I'd rather have Waller's resolve&loyalty than Craig&Sean!! Mawoyo, Matsikenyeri, Waller, Hamilton, Sibanda, Taylor(wk), Chigumbura, Shingi, Utseya, Rainsford, Mpofu.

Posted by TwohedulAzam on (April 29, 2013, 18:23 GMT)

Well written but not well judged. The fact that Shakib returned from an injury after 3 months lay off was not considered, and hence his performance in the 1st test was justified. Apart from that Shakib has been the most consistent allrounder of the world and there was no doubt whether he will perform or not. The article tried to maintain a balance beetween the two team which is understandale by looking at their ranking in test cricket, however the extra line of putting Shakib and Hamilton in the same bracket was not needed (with all due respect to Hamilton, he is a fantastic batsman without a doubt).

Posted by mmorshed2k on (April 29, 2013, 17:00 GMT)

They are constantly unsure of whether even the relatively big names like Hamilton Masakadza or Shakib al Hasan will deliver.

So, Shakib = Hamilton? Okay.

Posted by TheRisingTeam on (April 29, 2013, 16:47 GMT)

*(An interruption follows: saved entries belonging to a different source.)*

section \<open>Sums of sines and cyclically increasing sequences\<close>

lemma partial_sum_sin_pos:
  fixes w \<phi> :: "nat \<Rightarrow> real"
  assumes w: "\<And>t. t < n \<Longrightarrow> 0 < w t"
    and mono: "strict_mono_on {..<n} \<phi>"
    and wind: "\<And>t. t < n \<Longrightarrow> \<phi> t < \<phi> 0 + 2 * pi"
    and total: "(\<Sum>t<n. w t * sin (\<phi> t - \<phi> 0)) = 0"
    and u: "2 \<le> u" "u < n"
  shows "0 < (\<Sum>t<u. w t * sin (\<phi> t - \<phi> 0))"
proof -
  let ?g = "\<lambda>t. w t * sin (\<phi> t - \<phi> 0)"
  have less: "\<phi> t < \<phi> t'" if "t < t'" "t' < n" for t t'
    using strict_mono_onD[OF mono] that by simp
  show ?thesis
  proof (cases "\<phi> (u - 1) - \<phi> 0 < pi")
    case True
    have "0 < ?g (Suc t)" if "t < u - 1" for t
    proof -
      have "\<phi> (Suc t) \<le> \<phi> (u - 1)"
        using strict_mono_on_leD[OF mono, of "Suc t" "u - 1"] that u by simp
      then have "sin (\<phi> (Suc t) - \<phi> 0) > 0"
        using less[of 0 "Suc t"] that u True by (intro sin_gt_zero) auto
      then show ?thesis using w[of "Suc t"] that u by simp
    qed
    then have "0 < (\<Sum>t<u - 1. ?g (Suc t))"
      using u by (intro sum_pos) (auto simp: lessThan_empty_iff)
    moreover have "(\<Sum>t<u. ?g t) = ?g 0 + (\<Sum>t<u - 1. ?g (Suc t))"
      using sum.lessThan_Suc_shift[of ?g "u - 1"] u by simp
    ultimately show ?thesis by simp
  next
    case False
    have "?g t < 0" if "t \<in> {u..<n}" for t
    proof -
      have "\<phi> (u - 1) < \<phi> t" using that u by (intro less) auto
      then have "sin (\<phi> t - \<phi> 0) < 0"
        using wind[of t] that False by (intro sin_lt_zero) auto
      then show ?thesis using w[of t] that by (simp add: mult_pos_neg)
    qed
    then have "0 < (\<Sum>t\<in>{u..<n}. - ?g t)"
      using u by (intro sum_pos) auto
    moreover have "(\<Sum>t<n. ?g t) = (\<Sum>t<u. ?g t) + (\<Sum>t\<in>{u..<n}. ?g t)"
      using sum.atLeastLessThan_concat[of 0 u n ?g] u by (simp add: lessThan_atLeast0)
    ultimately show ?thesis using total by (simp add: sum_negf)
  qed
qed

People need to realise that very few countries play Test Cricket and very few are world class and it is clearly not a popular form. Both Bangladesh and Zimbabwe are the latest test playing nations so of course they are the weakest of teams but with top players retiring over the last several years of other teams, these teams are going through a transition where they have to fill them with new young inexperienced players and I doubt they can 'easily' dominate Zimbabwe and especially Bangladesh. Just take the recent under-19 test series between Bangladesh and Sri Lanka which ended up in a draw. Don't forget Sri Lanka got thrashed 3-0 in Australia and both New Zealand and Pakistan thrashed in South Africa bowled out for scores less than 50 even. Bangladesh have improved so much in the last year and a half and have has more than a 100 million supporters to back them up.